После нервно закурили. Подсчитали потери и созвонились с Алавердяном. Тот только крякнул, узнав, что из восьми бойцов, не считая водителей, трое убиты наповал, один тяжело ранен, а у остальных были лёгкие ранения. Дал команду операцию сворачивать трупы загрузить в багажник и возвращаться по месту жительства и прописки. А с пленного бандита, пылинки сдувать, холить, лелеять, чтобы ни вирус, ни бацилла по дороге его не настигли — а то и словом перекинуться о грехах наших тяжких, будет не с кем.
* * *
Этого пленного индейца даже бить не надо было. После двух увесистых оплеух его двадцать минут приводили в чувство, отливали водой, пытаясь вывести из состояния глубокого обморока. После чего, он сразу выложил всё. Оказался настоящим подарком судьбы, как источник достоверной, а главное полной информации.

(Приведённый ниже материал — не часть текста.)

(* Let $G$ be a finite, connected, simple, bridgeless, triangle-free cubic graph, and let $\Lambda$ be a valid labeling of $\mathfrak{L}_2(G)$. Let $\mathfrak{G}_\Lambda$ be the graph with vertex set $\Gamma_\Lambda$ in which $\gamma,\phi\in\Gamma_\Lambda$ are joined by a single edge (a loop if $\gamma=\phi$) if and only if $\gamma$ and $\phi$ are adjacent. Then $\mathfrak{G}_\Lambda$ is a connected graph, simple apart from possible loops.
   Context: $\mathcal{L}(H)$ is the line graph of $H$. Let $\mathcal{T}$ be the set of triangles of $\mathcal{L}(\mathcal{L}(G))$ formed by the three edges of a triangle of $\mathcal{L}(G)$. $\mathfrak{L}_2(G)$ has the vertex set of $\mathcal{L}(\mathcal{L}(G))$ and the edges of $\mathcal{L}(\mathcal{L}(G))$ not in any triangle of $\mathcal{T}$. For each edge $e$ of $G$, the reduced clique $\mathbb{X}_e$ is the subgraph of $\mathfrak{L}_2(G)$ on the four edges of $\mathcal{L}(G)$ incident to $e$, with all edges of $\mathfrak{L}_2(G)$ among them (a 4-cycle); $\mathcal{X}$ is the set of reduced cliques. A labeling $\Lambda$ gives each edge of $\mathfrak{L}_2(G)$ a label in $\{0,1\}$ ($1$ = open); it is valid if in every reduced clique each vertex is incident to two edges of that clique with different labels. $\Gamma_\Lambda$ is the set of connected components (cycles) of the subgraph formed by the open edges. Two cycles $\gamma_1,\gamma_2\in\Gamma_\Lambda$ are adjacent if there is a reduced clique $\mathbb{X}\in\mathcal{X}$ containing an edge of $\gamma_1$ and an edge of $\gamma_2$. *)

theory Defs
  imports Main
begin
(* Let $m,k$ be positive integers with $m>k+2$, and let $\pi$ be a permutation of $\mathbb{F}_{2^m}$ satisfying Property (P) (defined in the context). For each $z\in\mathbb{F}_{2^k}$ define $f^{(z)}:\mathbb{F}_{2^m}\times\mathbb{F}_{2^m}\to\mathbb{F}_2$ by \[ f^{(z)}(x_1,x_2)=\begin{cases}{\rm Tr}_1^m\bigl(x_1\,\pi(x_2)\bigr), & \text{if } {\rm Tr}_1^k(z)=0,\\ {\rm Tr}_1^m\bigl(x_2\,\pi(x_1)\bigr), & \text{if } {\rm Tr}_1^k(z)=1.\end{cases} \] Then the function $f:\mathbb{F}_{2^m}\times\mathbb{F}_{2^m}\times\mathbb{F}_{2^k}\times\mathbb{F}_{2^k}\to\mathbb{F}_2$, $f(x_1,x_2,y,z)=f^{(z)}(x_1,x_2)+{\rm Tr}_1^k(yz)$, is a GMM function that does not belong to the class $MM^{\#}$.
   Context: ${\rm Tr}_a^b$ denotes the trace map from $\mathbb{F}_{2^b}$ to $\mathbb{F}_{2^a}$. Property (P) of a permutation $\pi$ of $\mathbb{F}_{2^m}$: for all $(a_1,a_2),(b_1,b_2)\in\mathbb{F}_{2^m}\times\mathbb{F}_{2^m}$, the two identities $\pi(x)+\pi(x+a_2)+\pi(x+b_2)+\pi(x+a_2+b_2)=0$ and ${\rm Tr}_1^m\bigl(a_1\pi(x+a_2)+b_1\pi(x+b_2)+(a_1+b_1)\pi(x+a_2+b_2)\bigr)=0$ hold for all $x\in\mathbb{F}_{2^m}$ if and only if one of the following holds: $(a_1,a_2)=(0,0)$, $(b_1,b_2)=(0,0)$, $(a_1,a_2)=(b_1,b_2)$, or $a_2=b_2=0$. A Boolean function $g$ on an $n$-dimensional $\mathbb{F}_2$-space $V$ is bent if $|\sum_{x\in V}(-1)^{g(x)+\langle b,x\rangle}|=2^{n/2}$ for all $b\in V$ (for a nondegenerate inner product). A GMM (generalized Maiorana–McFarland) function is a function of the form $f(x,y,z)=f^{(z)}(x)+{\rm Tr}_1^k(yz)$ on $W\times\mathbb{F}_{2^k}\times\mathbb{F}_{2^k}$ where every $f^{(z)}$ is bent on $W$. Two Boolean functions $f,g$ on $V$ are EA-equivalent if $g(x)=f(L(x)+a)+\langle c,x\rangle+b$ with $L$ a linear permutation of $V$, $a,c\in V$, $b\in\mathbb{F}_2$. The Maiorana–McFarland class $MM$ on $\mathbb{F}_{2^N}\times\mathbb{F}_{2^N}$ consists of functions ${\rm Tr}_1^N(x\pi'(y))+g(y)$ with $\pi'$ a permutation of $\mathbb{F}_{2^N}$ and $g$ arbitrary; $MM^{\#}$ denotes the set of all Boolean functions on a $2N$-dimensional $\mathbb{F}_2$-space that are EA-equivalent (after an $\mathbb{F}_2$-linear identification of the space with $\mathbb{F}_{2^N}\times\mathbb{F}_{2^N}$) to a function of $MM$. *)

theory Defs
  imports Complex_Main "HOL-Library.Product_Plus" "HOL-Library.Cardinality"
begin
lemma measure_cylinder_event:
  assumes x: "\<forall>i\<le>n. x i \<in> states A" and x0: "x 0 = initial A"
  shows "measure \<Omega> {\<omega> \<in> space \<Omega>. \<forall>i\<le>n. run \<omega> i = x i} = (\<Prod>i<n. trans A (x i) (w i) (x (Suc i)))"
proof -
  let ?X = "\<lambda>i. {c \<in> space M. G (x i) (w i) c = x (Suc i)}"
  have X_sets: "?X i \<in> sets M" for i
    using measurable_sets[OF G_measurable, of "{x (Suc i)}"]
    by (simp add: vimage_def Int_def conj_commute)
  have "emeasure \<Omega> {\<omega> \<in> space \<Omega>. \<forall>i\<le>n. run \<omega> i = x i} = (\<Prod>i<n. emeasure M (?X i))"
    unfolding cylinder_event_eq[of x n, OF x0] by (rule \<Omega>.emeasure_PiM_Collect) (auto simp: X_sets)
  also have "\<dots> = (\<Prod>i<n. ennreal (trans A (x i) (w i) (x (Suc i))))"
  proof (rule prod.cong[OF refl])
    fix i assume "i \<in> {..<n}"
    then have "trans A (x i) (w i) (x (Suc i)) = measure M (?X i)"
      using x by (intro G_trans letter_in_alphabet) auto
    then show "emeasure M (?X i) = ennreal (trans A (x i) (w i) (x (Suc i)))"
      by (simp add: \<Omega>.M.emeasure_eq_measure)
  qed
  also have "\<dots> = ennreal (\<Prod>i<n. trans A (x i) (w i) (x (Suc i)))"
    using x by (intro prod_ennreal trans_nonneg) auto
  finally have "ennreal (measure \<Omega> {\<omega> \<in> space \<Omega>. \<forall>i\<le>n. run \<omega> i = x i}) =
      ennreal (\<Prod>i<n. trans A (x i) (w i) (x (Suc i)))"
    by (simp add: \<Omega>.emeasure_eq_measure)
  moreover have "(\<Prod>i<n. trans A (x i) (w i) (x (Suc i))) \<ge> 0"
    using x by (intro prod_nonneg trans_nonneg) auto
  ultimately show ?thesis by (subst (asm) ennreal_inj) simp_all
qed

lemma measure_distr_run_cylinder:
  assumes x: "\<forall>i\<le>n. x i \<in> states A"
  shows "measure (distr \<Omega> (run_space A) run) (cylinder A x n) = cyl_prob A w x n"
proof -
  have "measure (distr \<Omega> (run_space A) run) (cylinder A x n) =
      measure \<Omega> {\<omega> \<in> space \<Omega>. \<forall>i\<le>n. run \<omega> i = x i}"
    unfolding measure_distr[OF run_measurable cylinder_in_sets] unfolding cylinder_def
      run_vimage_eq ..
  moreover have "{\<omega> \<in> space \<Omega>. \<forall>i\<le>n. run \<omega> i = x i} = {}" if "x 0 \<noteq> initial A"
    using that by force
  ultimately show ?thesis
    using measure_cylinder_event[OF x] by (cases "x 0 = initial A") (simp_all add: cyl_prob_def)
qed
(* Let $K\subseteq V$ be a regular closed convex cone and $e\in\operatorname{int}(K)$. If $|||\cdot|||=\|\cdot\|_e$, then for all $L\in\mathrm{Gr}(V,m)$ $$\nu(L)=\min_{u\in\Delta(K^* )}\max_{x\in L,\|x\|\le1}\langle x,u\rangle=\max_{x\in L,\|x\|\le1}\min_{u\in\Delta(K^* )}\langle x,u\rangle=\max_{x\in L,\|x\|\le1}\lambda_e(x).$$
   Context: $V$ is a finite-dimensional real vector space with inner product $\langle\cdot,\cdot\rangle$; $K^*:=\{u:\langle u,x\rangle\ge0\ \forall x\in K\}$; $L^\perp$ is the orthogonal complement; $\mathrm{Gr}(V,m)$ is the set of $m$-dimensional subspaces ($1\le m<\dim V$). $\|\cdot\|$ is an arbitrary norm on $V$ with dual norm $\|u\|^*:=\max_{\|x\|=1}\langle u,x\rangle$. The norm induced by $(K,e)$ is $\|x\|_e:=\min\{\alpha\ge0: x+\alpha e\in K,\ -x+\alpha e\in K\}$, with dual norm $\|u\|_e^*:=\max_{\|x\|_e=1}\langle u,x\rangle$ (which equals $\langle u,e\rangle$ for $u\in K^*$). $\Delta(K^* ):=\{u\in K^*:\langle u,e\rangle=1\}$. The eigenvalue map is $\lambda_e(x):=\max\{t\in\mathbb R: x-te\in K\}$. With $|||\cdot|||$ a norm on $V$ with dual norm $|||\cdot|||^*$, $\nu(L):=\min\{\|y-u\|^*:u\in K^*,y\in L^\perp,|||u|||^*=1\}$. *)

theory Defs
  imports "HOL-Analysis.Analysis"
begin

definition is_norm :: "('a::real_vector \<Rightarrow> real) \<Rightarrow> bool" where
  "is_norm N \<longleftrightarrow> (\<forall>x. N x = 0 \<longleftrightarrow> x = 0) \<and> (\<forall>c x. N (c *\<^sub>R x) = \<bar>c\<bar> * N x)
     \<and> (\<forall>x y. N (x + y) \<le> N x + N y)"

definition dual_norm :: "('a::real_inner \<Rightarrow> real) \<Rightarrow> 'a \<Rightarrow> real" where
  "dual_norm N u = Sup {u \<bullet> x | x. N x = 1}"

definition dual_cone :: "'a::real_inner set \<Rightarrow> 'a set" where
  "dual_cone K = {u. \<forall>x\<in>K. u \<bullet> x \<ge> 0}"

definition regular_closed_convex_cone :: "'a::euclidean_space set \<Rightarrow> bool" where
  "regular_closed_convex_cone K \<longleftrightarrow> closed K \<and> convex K \<and> cone K
     \<and> K \<inter> uminus ` K = {0} \<and> interior K \<noteq> {}"

definition norm_e :: "'a::real_vector set \<Rightarrow> 'a \<Rightarrow> 'a \<Rightarrow> real" where
  "norm_e K e x = Inf {\<alpha>. \<alpha> \<ge> 0 \<and> x + \<alpha> *\<^sub>R e \<in> K \<and> - x + \<alpha> *\<^sub>R e \<in> K}"

definition simplex_dual :: "'a::real_inner set \<Rightarrow> 'a \<Rightarrow> 'a set" where
  "simplex_dual K e = {u \<in> dual_cone K. u \<bullet> e = 1}"

definition lambda_e :: "'a::real_vector set \<Rightarrow> 'a \<Rightarrow> 'a \<Rightarrow> real" where
  "lambda_e K e x = Sup {t. x - t *\<^sub>R e \<in> K}"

Когда же, устав слушать и записывать густой словесный понос сведений, поинтересовались у пролежавшего почти 10 часов в багажнике борзовского подручного:
— Мил, человек, а звать, величать тебя как?
Тот стушевался, покрылся испариной и попросил косяку пыхнуть, видно, для храбрости. Косячок ему забили, зашнуровали по всем правилам, не забыли и про «пятку». Марыха была высшего сорта, дальневосточная. От неё создавалось эдакое кустисто-ветвистое состояние в душе. Однако, захваченный в плен взял паузу, мусолил из одного угла рта в другой этот окурок… И пока он пытался выиграть время, допросчики опять продолжили курочить его светлое, но пока не названное имя.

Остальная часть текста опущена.